======== DATA UNDER STUDY ========

(* Let $(X,Y)$ be a random pair and $(X_i,Y_i)$, $i=1,2,\dots$, independent copies of it. Assume that $\mathbf{E}[X]$, $\mathbf{E}[Y^2]$ and $\mathbf{E}[XY]$ are finite, and that the weight function $w:[0,1]\to\mathbb{R}$ is continuous on $[0,1]$. Then, as $n\to\infty$, $\widehat{\Delta}_n \to \Delta$ almost surely.
   Context: $F_Y$ denotes the cdf of $Y$. The weight function $w:[0,1]\to[-\infty,\infty]$ is finite on $(0,1)$. Standing assumptions: $\mathbf{Var}[Y]\in(0,\infty)$, and $\mathbf{Cov}[Y,w\circ F_Y(Y)]$ is finite and nonzero. The classical beta is $\beta=\mathbf{Cov}[X,Y]/\mathbf{Var}[Y]$. The weighted-Gini beta is $\beta_G=\mathbf{Cov}[X,w\circ F_Y(Y)]/\mathbf{Cov}[Y,w\circ F_Y(Y)]$. Set $\Delta=\beta_G-\beta$. For $n\ge1$, define $\widehat F_Y(y)=\frac{1}{n+1}\sum_{k=1}^n\mathbf{1}\{Y_k\le y\}$ (jumps of size $1/(n+1)$). Let $\overline X=n^{-1}\sum_{k=1}^n X_k$, $\overline Y=n^{-1}\sum_{k=1}^n Y_k$, and $\overline z_0=n^{-1}\sum_{k=1}^n w\circ\widehat F_Y(Y_k)$. Define $\widehat\beta_{G,n}=\frac{\sum_{k=1}^n (X_k-\overline X)(w\circ\widehat F_Y(Y_k)-\overline z_0)}{\sum_{k=1}^n (Y_k-\overline Y)(w\circ\widehat F_Y(Y_k)-\overline z_0)}$, $\widehat\beta_n=\frac{\sum_{k=1}^n (X_k-\overline X)(Y_k-\overline Y)}{\sum_{k=1}^n (Y_k-\overline Y)^2}$, and $\widehat\Delta_n=\widehat\beta_{G,n}-\widehat\beta_n$. *)

theory Defs
  imports "HOL-Probability.Probability"
begin

definition covar :: "'a measure \<Rightarrow> ('a \<Rightarrow> real) \<Rightarrow> ('a \<Rightarrow> real) \<Rightarrow> real" where
  "covar M U V = (\<integral>\<omega>. (U \<omega> - (\<integral>x. U x \<partial>M)) * (V \<omega> - (\<integral>x. V x \<partial>M)) \<partial>M)"

definition var :: "'a measure \<Rightarrow> ('a \<Rightarrow> real) \<Rightarrow> real" where
  "var M U = (\<integral>\<omega>. (U \<omega> - (\<integral>x. U x \<partial>M))\<^sup>2 \<partial>M)"

definition cdf_of :: "'a measure \<Rightarrow> ('a \<Rightarrow> real) \<Rightarrow> real \<Rightarrow> real" where
  "cdf_of M Y = cdf (distr M borel Y)"

definition beta_cl :: "'a measure \<Rightarrow> ('a \<Rightarrow> real) \<Rightarrow> ('a \<Rightarrow> real) \<Rightarrow> real" where
  "beta_cl M X Y = covar M X Y / var M Y"

definition beta_G :: "'a measure \<Rightarrow> (real \<Rightarrow> real) \<Rightarrow> ('a \<Rightarrow> real) \<Rightarrow> ('a \<Rightarrow> real) \<Rightarrow> real" where
  "beta_G M w X Y = covar M X (\<lambda>\<omega>. w (cdf_of M Y (Y \<omega>)))
                    / covar M Y (\<lambda>\<omega>. w (cdf_of M Y (Y \<omega>)))"

definition Delta :: "'a measure \<Rightarrow> (real \<Rightarrow> real) \<Rightarrow> ('a \<Rightarrow> real) \<Rightarrow> ('a \<Rightarrow> real) \<Rightarrow> real" where
  "Delta M w X Y = beta_G M w X Y - beta_cl M X Y"

definition emp_cdf :: "nat \<Rightarrow> (nat \<Rightarrow> real) \<Rightarrow> real \<Rightarrow> real" where
  "emp_cdf n ys y = (\<Sum>k=1..n. if ys k \<le> y then 1 else 0) / (real n + 1)"

definition mean_n :: "nat \<Rightarrow> (nat \<Rightarrow> real) \<Rightarrow> real" where
  "mean_n n xs = (\<Sum>k=1..n. xs k) / real n"

definition beta_G_hat :: "(real \<Rightarrow> real) \<Rightarrow> nat \<Rightarrow> (nat \<Rightarrow> real) \<Rightarrow> (nat \<Rightarrow> real) \<Rightarrow> real" where
  "beta_G_hat w n xs ys =
     (let z = (\<lambda>k. w (emp_cdf n ys (ys k))); z0 = mean_n n z in
      (\<Sum>k=1..n. (xs k - mean_n n xs) * (z k - z0))
      / (\<Sum>k=1..n. (ys k - mean_n n ys) * (z k - z0)))"

definition beta_hat :: "nat \<Rightarrow> (nat \<Rightarrow> real) \<Rightarrow> (nat \<Rightarrow> real) \<Rightarrow> real" where
  "beta_hat n xs ys =
     (\<Sum>k=1..n. (xs k - mean_n n xs) * (ys k - mean_n n ys))
     / (\<Sum>k=1..n. (ys k - mean_n n ys)\<^sup>2)"

definition Delta_hat :: "(real \<Rightarrow> real) \<Rightarrow> nat \<Rightarrow> (nat \<Rightarrow> real) \<Rightarrow> (nat \<Rightarrow> real) \<Rightarrow> real" where
  "Delta_hat w n xs ys = beta_G_hat w n xs ys - beta_hat n xs ys"

end

theory Submission
  imports Defs
begin

text \<open>
  Both estimators are ratios of empirical covariances, and an empirical covariance is a
  continuous function of a few sample means. The strong law of large numbers, applied to
  functions of the i.i.d. pairs (X_k, Y_k), makes these means converge almost surely to the
  corresponding moments, which settles the classical beta. The Gini weights w(F_n(Y_k)) are
  not sample means of an i.i.d. sequence; but by the Glivenko--Cantelli theorem and the uniform
  continuity of w on [0,1] they are uniformly close to w(F(Y_k)), so replacing one by the other
  changes the empirical covariances by o(1) times the sample mean of |X_k| (resp. |Y_k|).

  The strong law itself is proved following Etemadi. For nonnegative variables, truncate Z_i at
  level i: by Borel--Cantelli the truncation is eventually inactive, and since
  sum_i E[Z_i^2; Z_i <= i] / i^2 <= 2 E Z, Chebyshev's inequality and Borel--Cantelli give
  convergence of the truncated averages along the geometric subsequences k_n ~ a^n. Monotonicity
  of the partial sums interpolates between consecutive k_n. Glivenko--Cantelli follows from the
  strong law at finitely many quantiles, again by monotonicity.
\<close>

section \<open>Cesaro averages and geometric subsequences\<close>

lemma tendsto_mean_n:
  fixes a :: "nat \<Rightarrow> real"
  assumes "a \<longlonglongrightarrow> L"
  shows "(\<lambda>n. mean_n n a) \<longlonglongrightarrow> L"
proof (rule LIMSEQ_I)
  fix r :: real assume r: "r > 0"
  obtain N where N: "\<And>n. n \<ge> N \<Longrightarrow> \<bar>a n - L\<bar> < r/2"
    using LIMSEQ_D[OF assms, of "r/2"] r by auto
  define C where "C = (\<Sum>i=1..N. \<bar>a i - L\<bar>)"
  obtain N2 :: nat where N2: "real N2 > 2 * C / r" using reals_Archimedean2 by blast
  show "\<exists>no. \<forall>n\<ge>no. norm (mean_n n a - L) < r"
  proof (intro exI[of _ "N + N2 + 1"] allI impI)
    fix n assume n: "n \<ge> N + N2 + 1"
    have npos: "real n > 0" using n by auto
    have split: "{1..n} = {1..N} \<union> {Suc N..n}" using n by auto
    have "mean_n n a - L = (\<Sum>i = 1..n. a i - L) / real n"
      using npos by (simp add: mean_n_def sum_subtractf field_simps)
    also have "(\<Sum>i = 1..n. a i - L) = (\<Sum>i = 1..N. a i - L) + (\<Sum>i = Suc N..n. a i - L)"
      unfolding split by (rule sum.union_disjoint) auto
    finally have eq: "mean_n n a - L = ((\<Sum>i = 1..N. a i - L) + (\<Sum>i = Suc N..n. a i - L)) / real n" .
    have "\<bar>\<Sum>i = 1..N. a i - L\<bar> \<le> C" unfolding C_def by (rule sum_abs)
    moreover have "C < real n * (r/2)"
    proof -
      have "C < real N2 * r / 2" using N2 r by (simp add: field_simps)
      also have "\<dots> \<le> real n * (r/2)" using n r by (auto intro!: mult_right_mono)
      finally show ?thesis .
    qed
    moreover have "\<bar>\<Sum>i = Suc N..n. a i - L\<bar> \<le> real n * (r / 2)"
    proof -
      have "\<bar>\<Sum>i = Suc N..n. a i - L\<bar> \<le> (\<Sum>i = Suc N..n. r/2)"
        using N by (intro order.trans[OF sum_abs] sum_mono) (auto simp: less_imp_le)
      also have "\<dots> \<le> real n * (r/2)" using r by auto
      finally show ?thesis .
    qed
    ultimately have "\<bar>(\<Sum>i = 1..N. a i - L) + (\<Sum>i = Suc N..n. a i - L)\<bar> < real n * r"
      by linarith
    then show "norm (mean_n n a - L) < r"
      unfolding eq using npos by (simp add: abs_divide pos_divide_less_eq mult.commute)
  qed
qed

text \<open>An integer version of the geometric sequence a^n along which Etemadi's argument
  controls the partial sums.\<close>

fun geom_subseq :: "real \<Rightarrow> nat \<Rightarrow> nat" where
  "geom_subseq a 0 = 1"
| "geom_subseq a (Suc n) = max (geom_subseq a n + 1) (nat \<lceil>a * real (geom_subseq a n)\<rceil>)"

lemma geom_subseq_ge: "geom_subseq a n \<ge> n + 1"
  by (induction n) auto

lemma strict_mono_geom_subseq: "strict_mono (geom_subseq a)"
  by (rule strict_monoI_Suc) auto

lemma geom_subseq_Suc_ge: "a * real (geom_subseq a n) \<le> real (geom_subseq a (Suc n))"
proof -
  have "a * real (geom_subseq a n) \<le> real (nat \<lceil>a * real (geom_subseq a n)\<rceil>)"
    by linarith
  also have "\<dots> \<le> real (geom_subseq a (Suc n))" by simp
  finally show ?thesis .
qed

lemma geom_subseq_Suc_le:
  assumes "a \<ge> 1"
  shows "real (geom_subseq a (Suc n)) \<le> a * real (geom_subseq a n) + 1"
proof -
  have "real (geom_subseq a n) \<le> a * real (geom_subseq a n)"
    using assms by (simp add: mult_le_cancel_right1)
  moreover have "0 \<le> a * real (geom_subseq a n)" using assms by simp
  ultimately show ?thesis by (simp add: of_nat_max)
qed

lemma power_mult_geom_subseq_le:
  assumes "a \<ge> 1" "m \<le> n"
  shows "a ^ (n - m) * real (geom_subseq a m) \<le> real (geom_subseq a n)"
  using assms(2)
proof (induction n rule: dec_induct)
  case (step n)
  have "a ^ (Suc n - m) * real (geom_subseq a m) = a * (a ^ (n - m) * real (geom_subseq a m))"
    using step.hyps by (simp add: Suc_diff_le)
  also have "\<dots> \<le> a * real (geom_subseq a n)"
    using step.IH assms(1) by (intro mult_left_mono) auto
  also have "\<dots> \<le> real (geom_subseq a (Suc n))" by (rule geom_subseq_Suc_ge)
  finally show ?case .
qed simp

========

**WHAT IS EXPECTED**: Every line above from the line with "(simp add: field_simps)" to the line with "using r by auto" is wanted, ends included; write them out exactly and add no other line.

**TASK SOLUTION**:
      have "C < real N2 * r / 2" using N2 r by (simp add: field_simps)
      also have "\<dots> \<le> real n * (r/2)" using n r by (auto intro!: mult_right_mono)
      finally show ?thesis .
    qed
    moreover have "\<bar>\<Sum>i = Suc N..n. a i - L\<bar> \<le> real n * (r / 2)"
    proof -
      have "\<bar>\<Sum>i = Suc N..n. a i - L\<bar> \<le> (\<Sum>i = Suc N..n. r/2)"
        using N by (intro order.trans[OF sum_abs] sum_mono) (auto simp: less_imp_le)
      also have "\<dots> \<le> real n * (r/2)" using r by auto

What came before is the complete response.